=== PROVIDED DATA ===
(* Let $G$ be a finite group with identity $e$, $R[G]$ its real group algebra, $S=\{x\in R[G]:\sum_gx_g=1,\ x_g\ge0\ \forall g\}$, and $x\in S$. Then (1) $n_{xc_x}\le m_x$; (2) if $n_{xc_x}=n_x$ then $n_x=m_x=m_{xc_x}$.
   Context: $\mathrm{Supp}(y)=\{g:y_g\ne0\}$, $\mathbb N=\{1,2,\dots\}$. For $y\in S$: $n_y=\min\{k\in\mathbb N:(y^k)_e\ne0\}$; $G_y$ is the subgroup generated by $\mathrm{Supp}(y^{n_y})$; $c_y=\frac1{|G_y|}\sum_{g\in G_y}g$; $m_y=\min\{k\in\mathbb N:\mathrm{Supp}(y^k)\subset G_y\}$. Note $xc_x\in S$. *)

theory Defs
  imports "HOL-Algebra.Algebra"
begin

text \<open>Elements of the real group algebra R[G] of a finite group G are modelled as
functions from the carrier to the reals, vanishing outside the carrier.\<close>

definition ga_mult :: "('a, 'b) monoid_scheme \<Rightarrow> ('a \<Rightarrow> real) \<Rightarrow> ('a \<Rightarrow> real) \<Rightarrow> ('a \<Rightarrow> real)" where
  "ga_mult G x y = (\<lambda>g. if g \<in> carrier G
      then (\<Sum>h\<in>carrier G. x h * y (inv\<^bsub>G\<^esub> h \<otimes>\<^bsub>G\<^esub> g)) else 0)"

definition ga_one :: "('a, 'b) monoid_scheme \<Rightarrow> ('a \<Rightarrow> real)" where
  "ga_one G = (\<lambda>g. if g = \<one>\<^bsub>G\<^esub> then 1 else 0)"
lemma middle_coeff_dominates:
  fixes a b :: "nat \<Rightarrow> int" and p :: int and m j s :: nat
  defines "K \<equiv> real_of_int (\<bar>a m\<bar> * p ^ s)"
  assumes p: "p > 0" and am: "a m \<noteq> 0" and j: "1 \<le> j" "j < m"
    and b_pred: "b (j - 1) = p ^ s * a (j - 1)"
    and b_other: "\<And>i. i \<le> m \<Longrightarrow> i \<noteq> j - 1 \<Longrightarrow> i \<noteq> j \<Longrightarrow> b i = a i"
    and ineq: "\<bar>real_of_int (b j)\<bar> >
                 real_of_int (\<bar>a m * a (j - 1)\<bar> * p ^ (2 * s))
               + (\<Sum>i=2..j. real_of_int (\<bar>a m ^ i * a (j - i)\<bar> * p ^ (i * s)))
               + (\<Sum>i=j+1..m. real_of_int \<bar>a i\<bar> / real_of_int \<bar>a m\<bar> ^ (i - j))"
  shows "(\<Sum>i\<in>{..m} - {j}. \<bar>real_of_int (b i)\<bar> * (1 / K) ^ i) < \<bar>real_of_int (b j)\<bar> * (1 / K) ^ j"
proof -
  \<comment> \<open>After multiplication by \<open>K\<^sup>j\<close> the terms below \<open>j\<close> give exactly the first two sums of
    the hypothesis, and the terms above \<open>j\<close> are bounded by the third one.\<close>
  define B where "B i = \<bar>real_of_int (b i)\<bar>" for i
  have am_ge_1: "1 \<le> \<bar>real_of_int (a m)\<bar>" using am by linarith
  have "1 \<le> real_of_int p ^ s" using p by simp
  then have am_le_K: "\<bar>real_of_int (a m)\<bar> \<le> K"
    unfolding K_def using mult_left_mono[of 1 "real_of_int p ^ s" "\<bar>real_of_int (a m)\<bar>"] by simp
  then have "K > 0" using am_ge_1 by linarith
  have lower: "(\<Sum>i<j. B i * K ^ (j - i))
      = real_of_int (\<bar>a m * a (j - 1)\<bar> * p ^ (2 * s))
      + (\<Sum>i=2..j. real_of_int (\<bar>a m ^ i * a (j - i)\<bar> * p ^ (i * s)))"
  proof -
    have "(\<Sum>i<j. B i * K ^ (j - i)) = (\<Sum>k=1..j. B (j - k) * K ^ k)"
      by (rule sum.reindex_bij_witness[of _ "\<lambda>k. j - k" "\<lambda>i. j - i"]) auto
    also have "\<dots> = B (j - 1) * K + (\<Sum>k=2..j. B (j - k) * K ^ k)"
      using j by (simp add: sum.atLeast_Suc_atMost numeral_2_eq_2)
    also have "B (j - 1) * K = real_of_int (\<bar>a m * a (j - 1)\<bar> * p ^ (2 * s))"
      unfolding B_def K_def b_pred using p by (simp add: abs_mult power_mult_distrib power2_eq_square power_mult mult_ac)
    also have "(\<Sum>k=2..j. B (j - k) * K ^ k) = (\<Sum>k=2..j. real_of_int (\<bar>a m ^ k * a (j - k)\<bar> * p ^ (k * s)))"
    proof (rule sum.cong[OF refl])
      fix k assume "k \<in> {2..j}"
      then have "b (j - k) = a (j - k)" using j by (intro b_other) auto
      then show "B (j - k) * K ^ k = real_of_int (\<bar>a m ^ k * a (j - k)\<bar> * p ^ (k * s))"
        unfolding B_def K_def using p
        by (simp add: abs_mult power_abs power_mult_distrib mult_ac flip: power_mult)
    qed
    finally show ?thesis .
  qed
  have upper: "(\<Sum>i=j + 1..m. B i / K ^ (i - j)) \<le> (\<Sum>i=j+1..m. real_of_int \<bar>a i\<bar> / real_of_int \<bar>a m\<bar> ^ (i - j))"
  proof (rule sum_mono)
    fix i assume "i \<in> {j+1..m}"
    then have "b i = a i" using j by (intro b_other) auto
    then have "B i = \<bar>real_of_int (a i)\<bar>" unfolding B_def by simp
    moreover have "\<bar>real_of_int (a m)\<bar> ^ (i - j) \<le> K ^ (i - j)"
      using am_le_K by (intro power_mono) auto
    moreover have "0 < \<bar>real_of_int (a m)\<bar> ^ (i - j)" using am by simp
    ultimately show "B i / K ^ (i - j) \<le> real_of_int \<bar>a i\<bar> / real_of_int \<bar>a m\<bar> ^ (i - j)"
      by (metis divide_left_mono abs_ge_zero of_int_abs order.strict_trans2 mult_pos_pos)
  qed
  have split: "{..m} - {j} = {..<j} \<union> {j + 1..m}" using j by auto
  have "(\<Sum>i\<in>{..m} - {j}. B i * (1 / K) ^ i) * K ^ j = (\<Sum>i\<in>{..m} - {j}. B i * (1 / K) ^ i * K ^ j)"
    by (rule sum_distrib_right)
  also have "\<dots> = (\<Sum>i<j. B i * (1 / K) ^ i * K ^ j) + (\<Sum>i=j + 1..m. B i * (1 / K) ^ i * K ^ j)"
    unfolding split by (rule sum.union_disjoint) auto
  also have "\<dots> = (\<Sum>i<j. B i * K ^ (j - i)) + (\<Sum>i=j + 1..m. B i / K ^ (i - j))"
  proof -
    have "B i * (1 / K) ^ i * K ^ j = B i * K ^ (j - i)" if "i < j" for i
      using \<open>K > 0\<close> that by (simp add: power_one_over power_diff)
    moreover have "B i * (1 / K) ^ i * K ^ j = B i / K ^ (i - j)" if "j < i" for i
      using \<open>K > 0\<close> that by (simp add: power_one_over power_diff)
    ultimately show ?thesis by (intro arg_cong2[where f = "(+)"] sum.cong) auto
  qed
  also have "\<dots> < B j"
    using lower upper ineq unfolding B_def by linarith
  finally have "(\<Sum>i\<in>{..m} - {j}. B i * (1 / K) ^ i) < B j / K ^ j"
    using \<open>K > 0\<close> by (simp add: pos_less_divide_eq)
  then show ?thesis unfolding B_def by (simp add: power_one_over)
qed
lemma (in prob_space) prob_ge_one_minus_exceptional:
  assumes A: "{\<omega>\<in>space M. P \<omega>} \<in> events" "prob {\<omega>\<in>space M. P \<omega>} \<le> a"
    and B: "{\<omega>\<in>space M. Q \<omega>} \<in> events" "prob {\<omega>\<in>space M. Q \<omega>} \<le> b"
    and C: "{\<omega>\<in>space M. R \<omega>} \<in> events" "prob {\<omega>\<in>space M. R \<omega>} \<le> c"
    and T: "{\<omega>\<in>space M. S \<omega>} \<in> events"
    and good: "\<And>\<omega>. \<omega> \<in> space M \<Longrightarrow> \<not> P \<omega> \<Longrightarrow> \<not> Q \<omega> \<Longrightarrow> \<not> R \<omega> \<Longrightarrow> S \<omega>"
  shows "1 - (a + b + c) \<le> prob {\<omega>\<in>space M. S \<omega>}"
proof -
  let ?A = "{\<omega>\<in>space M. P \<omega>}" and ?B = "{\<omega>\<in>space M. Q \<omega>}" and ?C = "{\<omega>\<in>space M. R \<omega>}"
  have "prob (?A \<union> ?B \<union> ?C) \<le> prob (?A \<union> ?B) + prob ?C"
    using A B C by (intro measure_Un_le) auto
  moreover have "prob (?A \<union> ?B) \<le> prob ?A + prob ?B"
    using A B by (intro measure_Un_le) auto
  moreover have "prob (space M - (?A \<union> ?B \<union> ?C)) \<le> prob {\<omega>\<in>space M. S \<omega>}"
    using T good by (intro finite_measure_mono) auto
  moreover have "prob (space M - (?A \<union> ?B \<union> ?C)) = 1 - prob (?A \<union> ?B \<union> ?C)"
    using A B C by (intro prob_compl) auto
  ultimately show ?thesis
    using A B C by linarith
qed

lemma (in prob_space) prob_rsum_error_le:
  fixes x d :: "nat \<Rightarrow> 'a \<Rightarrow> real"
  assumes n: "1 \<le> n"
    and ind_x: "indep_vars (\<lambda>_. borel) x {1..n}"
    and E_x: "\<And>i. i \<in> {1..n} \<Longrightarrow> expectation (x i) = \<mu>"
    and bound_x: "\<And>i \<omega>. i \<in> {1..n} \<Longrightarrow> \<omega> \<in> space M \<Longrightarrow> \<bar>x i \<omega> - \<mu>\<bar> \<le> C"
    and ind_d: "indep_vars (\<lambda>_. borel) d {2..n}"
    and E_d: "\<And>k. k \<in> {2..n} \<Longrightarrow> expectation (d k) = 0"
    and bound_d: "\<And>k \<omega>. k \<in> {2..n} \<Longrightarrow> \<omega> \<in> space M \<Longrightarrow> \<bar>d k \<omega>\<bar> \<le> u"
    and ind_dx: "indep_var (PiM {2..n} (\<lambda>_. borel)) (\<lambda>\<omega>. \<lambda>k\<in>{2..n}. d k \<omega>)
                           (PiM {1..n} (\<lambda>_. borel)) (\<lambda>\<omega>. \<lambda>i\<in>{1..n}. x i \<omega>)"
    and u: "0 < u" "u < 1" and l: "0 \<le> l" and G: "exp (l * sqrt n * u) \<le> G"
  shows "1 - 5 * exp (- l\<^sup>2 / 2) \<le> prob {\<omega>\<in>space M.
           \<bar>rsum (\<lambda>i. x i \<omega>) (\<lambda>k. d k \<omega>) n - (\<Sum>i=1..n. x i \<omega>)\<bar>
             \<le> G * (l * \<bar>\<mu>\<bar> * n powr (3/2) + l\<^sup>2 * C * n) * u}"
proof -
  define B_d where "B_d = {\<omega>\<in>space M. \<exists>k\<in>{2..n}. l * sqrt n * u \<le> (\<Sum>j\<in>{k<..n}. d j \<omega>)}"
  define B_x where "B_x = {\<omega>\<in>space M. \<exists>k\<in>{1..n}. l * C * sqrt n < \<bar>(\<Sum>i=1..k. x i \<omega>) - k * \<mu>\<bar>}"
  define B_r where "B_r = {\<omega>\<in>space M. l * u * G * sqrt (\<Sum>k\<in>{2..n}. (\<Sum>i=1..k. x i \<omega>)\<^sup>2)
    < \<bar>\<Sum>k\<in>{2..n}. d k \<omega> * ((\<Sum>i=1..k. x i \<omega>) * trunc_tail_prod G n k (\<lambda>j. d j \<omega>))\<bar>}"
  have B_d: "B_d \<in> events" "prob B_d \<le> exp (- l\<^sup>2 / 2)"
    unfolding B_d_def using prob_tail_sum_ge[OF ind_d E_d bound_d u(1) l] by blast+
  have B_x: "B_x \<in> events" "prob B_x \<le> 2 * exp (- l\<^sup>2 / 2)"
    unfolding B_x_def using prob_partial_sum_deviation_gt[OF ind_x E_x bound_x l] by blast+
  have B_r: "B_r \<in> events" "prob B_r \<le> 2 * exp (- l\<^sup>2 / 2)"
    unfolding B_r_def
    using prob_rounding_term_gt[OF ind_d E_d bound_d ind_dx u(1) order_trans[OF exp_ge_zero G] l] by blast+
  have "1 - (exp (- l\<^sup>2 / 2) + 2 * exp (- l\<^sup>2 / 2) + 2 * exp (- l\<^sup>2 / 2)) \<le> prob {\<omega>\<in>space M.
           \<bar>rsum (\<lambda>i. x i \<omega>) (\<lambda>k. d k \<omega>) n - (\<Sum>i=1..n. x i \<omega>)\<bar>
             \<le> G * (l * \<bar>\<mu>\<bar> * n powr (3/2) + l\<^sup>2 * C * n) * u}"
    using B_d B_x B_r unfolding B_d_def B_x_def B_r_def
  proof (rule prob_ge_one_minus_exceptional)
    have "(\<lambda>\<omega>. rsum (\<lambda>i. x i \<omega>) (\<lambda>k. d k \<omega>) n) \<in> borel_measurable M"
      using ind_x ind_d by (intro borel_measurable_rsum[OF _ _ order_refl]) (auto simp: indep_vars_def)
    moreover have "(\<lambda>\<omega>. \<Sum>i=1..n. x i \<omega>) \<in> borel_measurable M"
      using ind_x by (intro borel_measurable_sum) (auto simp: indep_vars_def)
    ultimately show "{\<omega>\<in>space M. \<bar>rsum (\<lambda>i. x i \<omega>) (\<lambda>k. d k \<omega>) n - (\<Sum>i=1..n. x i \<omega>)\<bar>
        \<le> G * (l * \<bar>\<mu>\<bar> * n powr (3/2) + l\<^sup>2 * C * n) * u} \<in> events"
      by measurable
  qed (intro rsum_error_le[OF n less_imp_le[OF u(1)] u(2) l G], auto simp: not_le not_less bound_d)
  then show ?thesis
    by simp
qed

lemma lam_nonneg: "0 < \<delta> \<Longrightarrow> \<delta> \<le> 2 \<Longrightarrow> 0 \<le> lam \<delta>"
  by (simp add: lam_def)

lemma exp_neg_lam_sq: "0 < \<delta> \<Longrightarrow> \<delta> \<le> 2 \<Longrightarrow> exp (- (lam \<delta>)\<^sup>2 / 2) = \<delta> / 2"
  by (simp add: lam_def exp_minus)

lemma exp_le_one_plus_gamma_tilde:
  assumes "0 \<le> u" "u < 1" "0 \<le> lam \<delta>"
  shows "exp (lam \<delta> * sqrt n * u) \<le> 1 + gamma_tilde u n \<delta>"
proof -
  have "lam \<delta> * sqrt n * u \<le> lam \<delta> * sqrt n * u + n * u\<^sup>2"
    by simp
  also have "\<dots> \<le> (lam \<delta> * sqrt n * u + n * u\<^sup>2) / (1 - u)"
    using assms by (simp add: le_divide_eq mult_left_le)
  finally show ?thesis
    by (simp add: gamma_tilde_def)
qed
===
__GOAL OF THE EXERCISE__
If a line falls between the first line of the entries and the line containing "theory Defs", or is one of those two, restate it word for word; leave all other lines out.

__YOUR SOLUTION__
(* Let $G$ be a finite group with identity $e$, $R[G]$ its real group algebra, $S=\{x\in R[G]:\sum_gx_g=1,\ x_g\ge0\ \forall g\}$, and $x\in S$. Then (1) $n_{xc_x}\le m_x$; (2) if $n_{xc_x}=n_x$ then $n_x=m_x=m_{xc_x}$.
   Context: $\mathrm{Supp}(y)=\{g:y_g\ne0\}$, $\mathbb N=\{1,2,\dots\}$. For $y\in S$: $n_y=\min\{k\in\mathbb N:(y^k)_e\ne0\}$; $G_y$ is the subgroup generated by $\mathrm{Supp}(y^{n_y})$; $c_y=\frac1{|G_y|}\sum_{g\in G_y}g$; $m_y=\min\{k\in\mathbb N:\mathrm{Supp}(y^k)\subset G_y\}$. Note $xc_x\in S$. *)

theory Defs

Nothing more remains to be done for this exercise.